Friday, June 29, 2007

YOUR BABY CAN READ ?

Children aged two and below can learn to read – well before they learn the alphabet – says an infant researcher.

Can an 18-month old baby read? Not just make unintelligible sounds but pronounce words as correctly as their developing speech would allow?

Yes, it is confirmed by an infant researcher. Base on his research, a toddler is able to point out the different parts of her body when a card with words like “nose,” “foot” and “head” are held up in front of her. In another, a child of three reads a storybook and even creates different voices for the various characters in the story.

The first two years of a child’s life are the most crucial as tens of thousands of synapses in the brain are forming. About 75% of the mass of the brain is formed by age two. That’s why it’s highly recommended in the first two years that parents spend as much time as possible talking, interacting and playing with their babies. No matter how busy the parents are, their baby will only have this rapid brain development period one time in her or his life.

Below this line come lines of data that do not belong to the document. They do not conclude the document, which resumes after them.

(* Let $\mathfrak{R}=(G,G',S,\phi,\rho,\delta)$ be a reconciliation and $x,y\in V(G')$ with $x<y$ and $\rho(x)=\rho(y)$. Then $y\in\Delta(\mathfrak{R})$.
   Context: All trees are rooted binary trees whose root node has degree 1; every other non-leaf node $x$ has exactly two children $x_l,x_r$. For nodes of a rooted tree, $y\le x$ means $x$ lies on the path from $y$ to the root; $y<x$ means $y\le x$, $y\ne x$. $G$ is a gene tree, $S$ a species tree, $\phi:L(G)\to L(S)$. A tree $G'$ is an extension of $G$ if $G$ is obtained from $G'$ by pruning some subtrees and suppressing degree-2 nodes. A map $\rho:V(G')\to V(S)$ is consistent with $S$ if $\rho(root(G'))=root(S)$ and every node $x$ of $G'$ with two children satisfies (D) $\rho(x)=\rho(x_l)=\rho(x_r)$ or (S) $\rho(x)_l=\rho(x_l)$ and $\rho(x)_r=\rho(x_r)$. A reconciliation $(G,G',S,\phi,\rho,\delta)$ consists of an extension $G'$ of $G$, a consistent $\rho$ with $\rho|_{L(G)}=\phi$, and an injective partial function $\delta$ from duplications to losses ($L(G')\setminus L(G)$) with $\rho(x)=\rho(\delta(x))$. $\Delta(\mathfrak{R})$ (duplications) is the set of nodes with two children satisfying (D). *)

theory Defs
  imports Main
begin

record 'a rtree =
  nodes :: "'a set"
  rt :: 'a
  chl :: "'a \<Rightarrow> 'a list"

definition child_rel :: "('a, 'z) rtree_scheme \<Rightarrow> ('a \<times> 'a) set" where
  "child_rel T = {(p, c). p \<in> nodes T \<and> c \<in> set (chl T p)}"

text \<open>tle T y x means y \<le> x: x lies on the path from y to the root.\<close>
definition tle :: "('a, 'z) rtree_scheme \<Rightarrow> 'a \<Rightarrow> 'a \<Rightarrow> bool" where
  "tle T y x \<longleftrightarrow> x \<in> nodes T \<and> y \<in> nodes T \<and> (x, y) \<in> (child_rel T)\<^sup>*"

definition tless :: "('a, 'z) rtree_scheme \<Rightarrow> 'a \<Rightarrow> 'a \<Rightarrow> bool" where
  "tless T y x \<longleftrightarrow> tle T y x \<and> y \<noteq> x"

definition leaves :: "('a, 'z) rtree_scheme \<Rightarrow> 'a set" where
  "leaves T = {v \<in> nodes T. chl T v = []}"

definition rooted_tree :: "('a, 'z) rtree_scheme \<Rightarrow> bool" where
  "rooted_tree T \<longleftrightarrow>
     finite (nodes T) \<and> rt T \<in> nodes T \<and>
     (\<forall>v\<in>nodes T. set (chl T v) \<subseteq> nodes T \<and> distinct (chl T v)) \<and>
     (\<forall>v\<in>nodes T. (rt T, v) \<in> (child_rel T)\<^sup>*) \<and>
     (\<forall>v\<in>nodes T. rt T \<notin> set (chl T v)) \<and>
     (\<forall>u\<in>nodes T. \<forall>w\<in>nodes T. \<forall>v. v \<in> set (chl T u) \<and> v \<in> set (chl T w) \<longrightarrow> u = w)"

definition binary_tree :: "('a, 'z) rtree_scheme \<Rightarrow> bool" where
  "binary_tree T \<longleftrightarrow> rooted_tree T \<and> length (chl T (rt T)) = 1 \<and>
     (\<forall>v\<in>nodes T - {rt T}. length (chl T v) = 0 \<or> length (chl T v) = 2)"

text \<open>Pruning all subtrees that contain no leaf of K and suppressing degree-2 nodes.\<close>
definition hasK :: "('a, 'z) rtree_scheme \<Rightarrow> 'a set \<Rightarrow> 'a \<Rightarrow> bool" where
  "hasK T K v \<longleftrightarrow> (\<exists>l\<in>K. tle T l v)"

definition pruned_nodes :: "('a, 'z) rtree_scheme \<Rightarrow> 'a set \<Rightarrow> 'a set" where
  "pruned_nodes T K = {rt T} \<union> K \<union>
     {v \<in> nodes T. length (chl T v) = 2 \<and> (\<forall>c\<in>set (chl T v). hasK T K c)}"

definition top_below :: "('a, 'z) rtree_scheme \<Rightarrow> 'a set \<Rightarrow> 'a \<Rightarrow> 'a" where
  "top_below T K c = (THE u. u \<in> pruned_nodes T K \<and> tle T u c \<and>
       (\<forall>w\<in>pruned_nodes T K. tle T w c \<longrightarrow> tle T w u))"

definition pruned_chl :: "('a, 'z) rtree_scheme \<Rightarrow> 'a set \<Rightarrow> 'a \<Rightarrow> 'a list" where
  "pruned_chl T K v = map (top_below T K) (filter (hasK T K) (chl T v))"

text \<open>G' is an extension of G: G is (isomorphic, fixing the kept leaves, to) the tree obtained
  from G' by keeping the leaves K, pruning everything else and suppressing degree-2 nodes.\<close>
definition is_extension :: "'a rtree \<Rightarrow> 'a rtree \<Rightarrow> bool" where
  "is_extension G' G \<longleftrightarrow>
     (\<exists>K f. K \<subseteq> leaves G' \<and> K \<noteq> {} \<and>
        bij_betw f (pruned_nodes G' K) (nodes G) \<and> f (rt G') = rt G \<and>
        (\<forall>l\<in>K. f l = l) \<and>
        (\<forall>v\<in>pruned_nodes G' K. set (chl G (f v)) = f ` set (pruned_chl G' K v)))"

text \<open>Conditions (D) and (S) at a node x with two children x_l = chl x ! 0, x_r = chl x ! 1.
  The labelling of children is immaterial, so (S) asks that the two children of rho(x)
  are exactly rho(x_l), rho(x_r).\<close>
definition condD :: "'a rtree \<Rightarrow> ('a \<Rightarrow> 'b) \<Rightarrow> 'a \<Rightarrow> bool" where
  "condD G' \<rho> x \<longleftrightarrow> \<rho> x = \<rho> (chl G' x ! 0) \<and> \<rho> x = \<rho> (chl G' x ! 1)"

definition condS :: "'a rtree \<Rightarrow> 'b rtree \<Rightarrow> ('a \<Rightarrow> 'b) \<Rightarrow> 'a \<Rightarrow> bool" where
  "condS G' S \<rho> x \<longleftrightarrow> length (chl S (\<rho> x)) = 2 \<and>
     set (chl S (\<rho> x)) = {\<rho> (chl G' x ! 0), \<rho> (chl G' x ! 1)}"

definition consistent :: "'a rtree \<Rightarrow> 'b rtree \<Rightarrow> ('a \<Rightarrow> 'b) \<Rightarrow> bool" where
  "consistent G' S \<rho> \<longleftrightarrow> \<rho> (rt G') = rt S \<and> (\<forall>x\<in>nodes G'. \<rho> x \<in> nodes S) \<and>
     (\<forall>x\<in>nodes G'. length (chl G' x) = 2 \<longrightarrow> condD G' \<rho> x \<or> condS G' S \<rho> x)"

definition dups :: "'a rtree \<Rightarrow> ('a \<Rightarrow> 'b) \<Rightarrow> 'a set" where
  "dups G' \<rho> = {x \<in> nodes G'. length (chl G' x) = 2 \<and> condD G' \<rho> x}"

definition reconciliation ::
  "'a rtree \<Rightarrow> 'a rtree \<Rightarrow> 'b rtree \<Rightarrow> ('a \<Rightarrow> 'b) \<Rightarrow> ('a \<Rightarrow> 'b) \<Rightarrow> ('a \<Rightarrow> 'a option) \<Rightarrow> bool" where
  "reconciliation G G' S \<phi> \<rho> \<delta> \<longleftrightarrow>
     binary_tree G \<and> binary_tree G' \<and> binary_tree S \<and>
     (\<forall>l\<in>leaves G. \<phi> l \<in> leaves S) \<and>
     is_extension G' G \<and> consistent G' S \<rho> \<and>
     (\<forall>l\<in>leaves G. \<rho> l = \<phi> l) \<and>
     dom \<delta> \<subseteq> dups G' \<rho> \<and> inj_on \<delta> (dom \<delta>) \<and>
     ran \<delta> \<subseteq> leaves G' - leaves G \<and>
     (\<forall>x z. \<delta> x = Some z \<longrightarrow> \<rho> x = \<rho> z)"

end

theory Submission
  imports Defs
begin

He carried out research with literally hundreds of babies and came up with his own system of teaching language to toddlers, called the Multi-Sensory Reading Approach. The series of books and videos are interactive and designed to be fun for the children. The books focus on the word first, then the picture. Each page contains an action or question for the child. As soon as the child has developed visual tracking and can follow a moving object, she will be able to use the video and books, as the videos teach them to read a word from left to right.

Research has shown that learning to read early in a child’s life can help to accelerate learning later in life and in other areas. And this method pretty much dispels the notion that children have to learn the alphabet first before learning how to read. Most parents will spend a year or a year-and-a-half teaching the toddlers the names of the letters. From the baby’s perspective, think about how abstract that is. If you’re a typical two-year-old and you don’t know how to read a single word, and people are pointing out ‘D-O-G.’ You don’t even know what the letters are used for.

Usually, the children sing the ABC song and just point at the letters, hoping you haven’t moved the letters around. They don’t really know letters that well. But if they know how to read, they will not think of these as abstract things. They will think of them more like objects, as if you were pointing out a doorknob or something. They will know what a doorknob is after hearing it once or twice.

If children are taught words first, then they would already be familiar with letters and would be curious to know that each letter has a “name”. Parents need to spend as much time interacting with their children as possible. They should talk to their children from the moment they wake up until they go to sleep, and they should use simple, descriptive language in a soothing manner. Most importantly, they must see things from a baby’s perspective; something that is “little” to an adult may be “huge” to a toddler.

Repeat the words as many times as possible. After the baby has learned 50 words, they will be able to learn new words after hearing them once or twice. You need to be careful of the words you use because baby can remember what you say! It is also important for parents to listen to their babies, and show their appreciation when a baby makes language-related sounds, as this will help a child to make new sounds. There tends to be a delay of six months from when the baby understands the language to when the baby can say the words.

As far as learning disabilities and reading disorders go, some people have claimed that the multi-sensory approach can even prevent those kinds of problems. For dyslexia, the most common reading disorder, a lot of the children do not look at words from left to right. This can help prevent that problem, because they’re being taught, as babies, to look at words from left to right.

If you look at how babies learn all other aspects of language, then it will start to make more sense. Babies can learn second languages easier than six-year-olds. Babies learn any aspect of language very naturally and easily, and the longer you wait, the harder it will be to learn at high levels.